What you name "Vdsat" just marks the transition voltage between the linear (or triode) and the saturation region (or the transition from weak to moderate/strong inversion) for any drain current Id, see the dotted curve in this Id vs. Vds plot from Wiki; it has nothing to do with the saturation voltage of an individual MOSFET.
jamesbond939 said:
If Vth of a process increase, we'll need higher Vgs to turn the device on right?
we use mosfets in diode configuration a lot of time to generate bias and current sources,,,
these diode are made by connecting drain and gate terminals so vds=vgs and device will be always in saturation forever...
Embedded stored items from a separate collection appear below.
lemma power_multiple_power_right:
  "power_multiple phi x y \<Longrightarrow> power_multiple phi x (phi ^ m * y)"
  unfolding power_multiple_def by (metis mult.assoc power_add)

lemma power_multiple_uminus:
  "power_multiple phi x y \<Longrightarrow> power_multiple phi (- x) (- y)"
  unfolding power_multiple_def by auto

lemma power_multiple_sym:
  assumes "phi ^ k = 1" "0 < k" "power_multiple phi x y"
  shows "power_multiple phi y x"
proof -
  obtain n where y: "y = phi ^ n * x" using assms(3) unfolding power_multiple_def by blast
  have "phi ^ (n * (k - 1)) * phi ^ n = (phi ^ k) ^ n"
    using assms(2) by (simp flip: power_add power_mult add: algebra_simps)
  then have "x = phi ^ (n * (k - 1)) * y" using assms(1) by (simp add: y mult.assoc)
  then show ?thesis unfolding power_multiple_def by blast
qed

lemma power_multiple_power_left:
  assumes "phi ^ k = 1" "0 < k" "power_multiple phi x y"
  shows "power_multiple phi (phi ^ m * x) y"
  using assms power_multiple_sym power_multiple_power_right by metis

lemma power_complement_minus_one:
  fixes phi :: "'a::field"
  assumes "phi ^ k = 1" "u \<le> k"
  shows "phi ^ (k - u) - 1 = - (phi ^ (k - u) * (phi ^ u - 1))"
proof -
  have "phi ^ (k - u) * phi ^ u = 1" using assms by (simp flip: power_add)
  then show ?thesis by (simp add: algebra_simps)
qed

definition nontrivial_quad :: "nat \<Rightarrow> quad \<Rightarrow> bool" where
  "nontrivial_quad k q \<longleftrightarrow>
     (case q of (i,j,s,t) \<Rightarrow> i \<in> {1..<k} \<and> j \<in> {1..<k} \<and> s \<in> {1..<k} \<and> t \<in> {1..<k})
     \<and> \<not> trivial_quad k q"

definition overlap_equation :: "'a::field \<Rightarrow> quad \<Rightarrow> bool" where
  "overlap_equation phi q \<longleftrightarrow> (case q of (i,j,s,t) \<Rightarrow>
     power_multiple phi ((phi ^ j - 1) * (phi ^ s - 1)) ((phi ^ i - 1) * (phi ^ t - 1)))"

lemma overlaps_eq:
  fixes phi :: "'a::field"
  assumes "phi ^ k = 1"
  shows "overlaps phi k = {q. nontrivial_quad k q \<and> overlap_equation phi q}"
proof (intro set_eqI iffI; clarsimp)
  fix i j s t
  let ?L = "(phi ^ j - 1) * (phi ^ s - 1)" and ?R = "(phi ^ i - 1) * (phi ^ t - 1)"
  have eq_iff: "(\<exists>w\<in>{0..<k}. phi ^ w * (phi ^ j - 1) * (phi ^ s - 1) = ?R)
      \<longleftrightarrow> power_multiple phi ?L ?R" if "0 < k"
  proof
    assume "\<exists>w\<in>{0..<k}. phi ^ w * (phi ^ j - 1) * (phi ^ s - 1) = ?R"
    then show "power_multiple phi ?L ?R"
      unfolding power_multiple_def by (metis mult.assoc)
  next
    assume "power_multiple phi ?L ?R"
    then obtain n where "?R = phi ^ n * ?L" unfolding power_multiple_def by blast
    then have "phi ^ (n mod k) * (phi ^ j - 1) * (phi ^ s - 1) = ?R"
      using power_mod_eq[OF assms] by (simp add: mult.assoc)
    with that show "\<exists>w\<in>{0..<k}. phi ^ w * (phi ^ j - 1) * (phi ^ s - 1) = ?R" by force
  qed
  show "nontrivial_quad k (i,j,s,t) \<and> overlap_equation phi (i,j,s,t)"
    if "(i,j,s,t) \<in> overlaps phi k"
    using that eq_iff unfolding overlaps_def is_overlap_def nontrivial_quad_def overlap_equation_def
    by auto
  show "(i,j,s,t) \<in> overlaps phi k"
    if "nontrivial_quad k (i,j,s,t)" "overlap_equation phi (i,j,s,t)"
  proof -
    have "i \<noteq> s" "0 < k"
      using that(1) by (auto simp: nontrivial_quad_def trivial_quad_def pmcong_def)
    then show ?thesis
      using that eq_iff unfolding overlaps_def is_overlap_def nontrivial_quad_def overlap_equation_def
      by auto
  qed
qed

lemma pmcong_iff:
  assumes "0 < u" "u < k" "0 < v" "v < k"
  shows "pmcong k u v \<longleftrightarrow> u = v \<or> u + v = k"
proof -
  have "(u + v) mod k = 0 \<longleftrightarrow> u + v = k"
  proof
    assume "(u + v) mod k = 0"
    then obtain c where c: "u + v = k * c" by auto
    have "k * c < k * 2" using c assms by linarith
    moreover have "c \<noteq> 0" using c assms by (metis add_gr_0 mult_0_right less_irrefl)
    ultimately have "c = 1" by simp
    with c show "u + v = k" by simp
  qed simp
  with assms show ?thesis by (simp add: pmcong_def)
qed

lemma pmcong_commute: "pmcong k u v \<longleftrightarrow> pmcong k v u"
  unfolding pmcong_def by (auto simp: add.commute)

lemma pmcong_complement_left:
  assumes "0 < u" "u < k" "0 < v" "v < k"
  shows "pmcong k (k - u) v \<longleftrightarrow> pmcong k u v"
  using assms by (simp add: pmcong_iff) linarith

lemma pmcong_complement_right:
  assumes "0 < u" "u < k" "0 < v" "v < k"
  shows "pmcong k u (k - v) \<longleftrightarrow> pmcong k u v"
  using assms pmcong_complement_left pmcong_commute by metis

lemma nontrivial_quad_generator:
  assumes "h \<in> {kappa1 k, kappa2 k, kappa3 k, kappa4 k, swap_it, swap_js, swap_ij_st}"
    and "nontrivial_quad k q"
  shows "nontrivial_quad k (h q)"
proof -
  obtain i j s t where q: "q = (i,j,s,t)" by (cases q)
  have range: "0 < i" "i < k" "0 < j" "j < k" "0 < s" "s < k" "0 < t" "t < k"
    and "\<not> trivial_quad k (i,j,s,t)"
    using assms(2) by (auto simp: q nontrivial_quad_def)
  then have "\<not> trivial_quad k (h (i,j,s,t))"
    using assms(1) unfolding trivial_quad_def
    by (elim insertE emptyE; simp add: pmcong_complement_left pmcong_complement_right
        kappa1_def kappa2_def kappa3_def kappa4_def swap_it_def swap_js_def swap_ij_st_def;
        metis pmcong_commute)
  moreover have "case h (i,j,s,t) of (i,j,s,t) \<Rightarrow> i \<in> {1..<k} \<and> j \<in> {1..<k} \<and> s \<in> {1..<k} \<and> t \<in> {1..<k}"
    using assms(1) range
    by (elim insertE emptyE) (auto simp: kappa1_def kappa2_def kappa3_def kappa4_def swap_it_def swap_js_def swap_ij_st_def)
  ultimately show ?thesis by (simp add: q nontrivial_quad_def)
qed

lemma image_overlaps_subset:
  fixes phi :: "'a::field"
  assumes "phi ^ k = 1"
    and "\<And>q. nontrivial_quad k q \<Longrightarrow> nontrivial_quad k (g q)"
    and "\<And>q. nontrivial_quad k q \<Longrightarrow> overlap_equation phi q \<Longrightarrow> overlap_equation phi (g q)"
  shows "g ` overlaps phi k \<subseteq> overlaps phi k"
  using assms by (auto simp: overlaps_eq)

lemma overlap_equation_swap_it: "overlap_equation phi (swap_it q) = overlap_equation phi q"
  by (cases q) (simp add: overlap_equation_def swap_it_def mult.commute)

lemma overlap_equation_swap_js: "overlap_equation phi (swap_js q) = overlap_equation phi q"
  by (cases q) (simp add: overlap_equation_def swap_js_def mult.commute)

lemma overlap_equation_swap_ij_st:
  assumes "phi ^ k = 1" "0 < k" "overlap_equation phi q"
  shows "overlap_equation phi (swap_ij_st q)"
  using assms power_multiple_sym[OF assms(1,2)]
  by (cases q) (simp add: overlap_equation_def swap_ij_st_def)

lemma overlap_equation_kappa14:
  fixes phi :: "'a::field"
  assumes "phi ^ k = 1" "i \<le> k" "t \<le> k" "overlap_equation phi (i,j,s,t)"
  shows "overlap_equation phi (k - i, j, s, k - t)"
proof -
  have "(phi ^ (k - i) - 1) * (phi ^ (k - t) - 1)
      = phi ^ (k - i) * (phi ^ (k - t) * ((phi ^ i - 1) * (phi ^ t - 1)))"
    using assms(1-3) by (simp add: power_complement_minus_one algebra_simps)
  with assms(4) show ?thesis
    by (simp add: overlap_equation_def power_multiple_power_right)
qed

lemma overlap_equation_kappa24:
  fixes phi :: "'a::field"
  assumes "phi ^ k = 1" "0 < k" "j \<le> k" "t \<le> k" "overlap_equation phi (i,j,s,t)"
  shows "overlap_equation phi (i, k - j, s, k - t)"
proof -
  have "(phi ^ (k - j) - 1) * (phi ^ s - 1) = - (phi ^ (k - j) * ((phi ^ j - 1) * (phi ^ s - 1)))"
    "(phi ^ i - 1) * (phi ^ (k - t) - 1) = - (phi ^ (k - t) * ((phi ^ i - 1) * (phi ^ t - 1)))"
    using assms(1,3,4) by (simp_all add: power_complement_minus_one algebra_simps)
  with assms(5) show ?thesis
    by (simp add: overlap_equation_def power_multiple_uminus power_multiple_power_right
        power_multiple_power_left[OF assms(1,2)])
qed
with increase in vth u will increase vgs to maintain overdrive for mosfet ,,,
increase in vgs will increase vds in diode configurations so voltage headroom for other devices (m1) will decrease .... see diagram in attachment
Thanks for the reply. I have some further questions.
Assume my design does not contains diode connected structures.
Also assume that there's no reduction in supply voltage.
I'm only using simple current mirror and high-swing cascode current mirror. Will the increase in Vth reduces the voltage headroom for my design.
I know that the cascode current mirror might have this problem because it needs 2VDsat+Vth in order for both of the transistor to be in saturation. But in high-swing cascode current mirror, I only need 2VDsat to make sure that the transistors is in saturation.
Does that mean that for current mirror design, we only need to worry about voltage headroom when the Vth increase for cascode structure?
Is there any other structures other than cascode current mirror and diode-connected transistor in analog design that have the problem with voltage headroom when the Vth increase?